Dans ce nouvel épisode de Truckstop, le podcast de Transportmedia, Luc Macharis, dirigeant de Transport Macharis, s’installe au micro de Jeroen Verschakelen. L’entretien tourne autour du leadership, de la succession au sein de l’entreprise familiale et d’une passion aussi forte que celle du transport : le rugby.

Le repos comme luxe rare

Le repos est une denrée rare dans le monde du transport. Luc Macharis le sait mieux que quiconque. « En tant que chef d’entreprise, on s’endort avec son travail et on se réveille avec lui », dit-il. « Ça ne s’arrête jamais.
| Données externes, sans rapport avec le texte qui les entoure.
lemma add_scaleR_diff_in_closed_segment:
  fixes a b :: "'a::real_vector"
  assumes "0 \<le> \<mu>" and "\<mu> \<le> 1"
  shows "a + \<mu> *\<^sub>R (b - a) \<in> closed_segment a b"
  unfolding in_segment using assms by (auto intro!: exI[of _ \<mu>] simp: algebra_simps)

lemma bang_bang_pair_motion:
  assumes "0 \<le> t" and traj: "is_traj (ctrl_fun [(a, t), (-a, t)]) (t + t) q w" and "w 0 = 0"
  shows "\<And>s. s \<in> {0..t} \<Longrightarrow> q s = q 0 + (s^2 / 2) *\<^sub>R a"
    and "\<And>r. r \<in> {0..t} \<Longrightarrow> q (t + r) = q 0 + (t^2 - (t - r)^2 / 2) *\<^sub>R a"
    and "w (t + t) = 0"
proof -
  have dur: "ctrl_dur [(a, t)] = t" "ctrl_dur [(-a, t)] = t"
    by (simp_all add: ctrl_dur_def)
  have accel: "is_traj (ctrl_fun [(a, t)]) t q w"
    using is_traj_append_prefix[of "[(a, t)]" "[(-a, t)]" q w] traj \<open>0 \<le> t\<close>
    unfolding dur by auto
  have decel: "is_traj (ctrl_fun [(-a, t)]) t (\<lambda>s. q (t + s)) (\<lambda>s. w (t + s))"
    using is_traj_append_suffix[of "[(a, t)]" "[(-a, t)]" q w] traj \<open>0 \<le> t\<close>
    unfolding dur by auto
  show first: "q s = q 0 + (s^2 / 2) *\<^sub>R a" if "s \<in> {0..t}" for s
    using is_traj_constant(2)[OF accel that] \<open>w 0 = 0\<close> by simp
  have "t \<in> {0..t}" using \<open>0 \<le> t\<close> by simp
  note at_switch = is_traj_constant[OF accel this]
  show "w (t + t) = 0"
    using is_traj_constant(1)[OF decel \<open>t \<in> {0..t}\<close>] at_switch(1) \<open>w 0 = 0\<close> by simp
  fix r assume "r \<in> {0..t}"
  have "q (t + r) = q 0 + (t^2 / 2 + r * t - r^2 / 2) *\<^sub>R a"
    using is_traj_constant(2)[OF decel \<open>r \<in> {0..t}\<close>] at_switch \<open>w 0 = 0\<close>
    by (simp add: algebra_simps)
  also have "t^2 / 2 + r * t - r^2 / 2 = t^2 - (t - r)^2 / 2"
    by (simp add: power2_eq_square field_simps)
  finally show "q (t + r) = q 0 + (t^2 - (t - r)^2 / 2) *\<^sub>R a" .
qed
On ne peut pas dire : je prends maintenant 45 minutes de pause. » Il a pourtant appris à mieux doser. « Avant, je travaillais de huit heures du matin à dix heures du soir. Maintenant, j’essaie de limiter à six heures. Parce que plus on travaille longtemps, moins on est productif. Le cerveau ne le permet tout simplement plus. »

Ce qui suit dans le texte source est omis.